# Рубин 7



## Fedorov (6 Мар 2017)

Беда с выборкой. Западает ля 1ой и до 2ой октавы, а сам звук не воспроизводится, и клапана не открываются.  Посоветуйте, что можно сделать.


----------



## sergius-sergius (6 Мар 2017)

Попробуйте снять левый ремень и левую крышку корпуса и посмотрите. Фонарик в помощь. Приготовьте узкие длинные отвёртки. Понажимайте другие кнопки и сравните что не так с западающими. И потом, снять "аккордовые" 4 ряда на Рубине не сложно. Успехов!


----------



## diletant (6 Мар 2017)

Fedorov писал:


> Беда с выборкой.
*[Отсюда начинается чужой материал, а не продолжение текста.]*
(* Let $f\in\mathcal{A}$ satisfy $\operatorname{Re}\big((1-z^2)f'(z)\big)>0$ for all $z\in\mathbb{D}$ (i.e. $f\in\mathcal{F}_2$), and let $\gamma_1,\gamma_2,\gamma_3$ be its logarithmic coefficients. Then $$|H_{2,1}(F_f)|=|\gamma_1\gamma_3-\gamma_2^2|\le \tfrac14 .$$ The inequality is sharp: equality holds for $\tilde f(z)=\int_0^z \frac{1+t^2}{(1-t^2)^2}\,dt$, which satisfies $(1-z^2)\tilde f'(z)=\frac{1+z^2}{1-z^2}$ and hence lies in $\mathcal{F}_2$.
   Context: $\mathbb{D}=\{z\in\mathbb{C}:|z|<1\}$. $\mathcal{A}$ denotes the class of analytic functions $f$ on $\mathbb{D}$ of the form $f(z)=z+\sum_{n=2}^\infty a_n z^n$. $\mathcal{F}_2=\{f\in\mathcal{A}:\operatorname{Re}(1-z^2)f'(z)>0,\ z\in\mathbb{D}\}$. For such $f$ the logarithmic coefficients $\gamma_n$ are defined by $\log\frac{f(z)}{z}=2\sum_{n=1}^\infty\gamma_n z^n$ (with $\log1=0$); explicitly $\gamma_1=\tfrac12 a_2$, $\gamma_2=\tfrac12(a_3-\tfrac12 a_2^2)$, $\gamma_3=\tfrac14(a_4-a_2a_3+\tfrac13 a_2^3)$. $H_{2,1}(F_f)=\gamma_1\gamma_3-\gamma_2^2=\tfrac14\big(a_2a_4-a_3^2+\tfrac1{12}a_2^4\big)$. *)

theory Defs
  imports "HOL-Analysis.Analysis"
begin

definition classA :: "(complex \<Rightarrow> complex) \<Rightarrow> bool" where
  "classA f \<longleftrightarrow> f holomorphic_on ball 0 1 \<and> f 0 = 0 \<and> deriv f 0 = 1"

definition classF2 :: "(complex \<Rightarrow> complex) \<Rightarrow> bool" where
  "classF2 f \<longleftrightarrow> classA f \<and> (\<forall>z\<in>ball 0 1. Re ((1 - z^2) * deriv f z) > 0)"

text \<open>Logarithmic coefficients: log(f(z)/z) = 2 * sum gamma_n z^n, with log 1 = 0.
  The quotient f(z)/z is extended by its value 1 at z = 0; near 0 it is close to 1,
  so the principal logarithm is the branch with log 1 = 0, and Taylor coefficients at 0
  only depend on the function near 0.\<close>
definition logcoeff :: "(complex \<Rightarrow> complex) \<Rightarrow> nat \<Rightarrow> complex" where
  "logcoeff f n = (deriv ^^ n) (\<lambda>z. Ln (if z = 0 then 1 else f z / z)) 0 / (2 * fact n)"

definition H21 :: "(complex \<Rightarrow> complex) \<Rightarrow> complex" where
  "H21 f = logcoeff f 1 * logcoeff f 3 - (logcoeff f 2)^2"

end

theory Submission
  imports Defs "HOL-Complex_Analysis.Complex_Analysis"
begin

text \<open>Since \<open>Re ((1 - z\<^sup>2) f'(z)) > 0\<close>, the Cayley transform gives
  \<open>(1 - z\<^sup>2) f'(z) = (1 + z \<omega>(z)) / (1 - z \<omega>(z))\<close> for a holomorphic \<open>\<omega>\<close> with \<open>|\<omega>| \<le> 1\<close>
  (Schwarz lemma). Comparing coefficients expresses \<open>a\<^sub>2, a\<^sub>3, a\<^sub>4\<close> through the Taylor
  coefficients \<open>b\<^sub>0, b\<^sub>1, b\<^sub>2\<close> of \<open>\<omega>\<close>, and \<open>4 H\<^sub>2\<^sub>,\<^sub>1 = a\<^sub>2 a\<^sub>4 - a\<^sub>3\<^sup>2 + a\<^sub>2\<^sup>4/12\<close> becomes a polynomial
  in them. The Schwarz--Pick inequalities \<open>|b\<^sub>1| \<le> 1 - |b\<^sub>0|\<^sup>2\<close> and
  \<open>|b\<^sub>2| \<le> 1 - |b\<^sub>0|\<^sup>2 - |b\<^sub>1|\<^sup>2/(1 + |b\<^sub>0|)\<close> together with the triangle inequality reduce the
  bound to an inequality between real polynomials. Equality holds for \<open>\<omega>(z) = z\<close>, i.e.
  \<open>f(z) = z/(1 - z\<^sup>2)\<close>.\<close>

lemma has_fps_expansion_nth_0_1:
  fixes g :: "complex \<Rightarrow> complex"
  assumes "g has_fps_expansion G"
  shows "fps_nth G 0 = g 0" "fps_nth G 1 = deriv g 0"
  using fps_nth_fps_expansion[OF assms, of 0] fps_nth_fps_expansion[OF assms, of 1] by simp_all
Западает ля 1ой и до 2ой октавы, а сам звук не воспроизводится, и клапана не открываются.  Посоветуйте, что можно сделать.


Vadim! Ремонт левой без опыта ненадежно.
Предлагаю Рубин 7 свой в упаковке,неиграный,без проблем.Вопросы в л/с.


----------



## Евгений51 (7 Мар 2017)

diletant писал:


> Fedorov написал(а):
> 
> 
> > Беда с выборкой. Западает ля 1ой и до 2ой октавы, а сам звук не воспроизводится, и клапана не открываются.  Посоветуйте, что можно сделать.
> > Скорее всего толкатель идёт мимо. Подогнуть и всё.


----------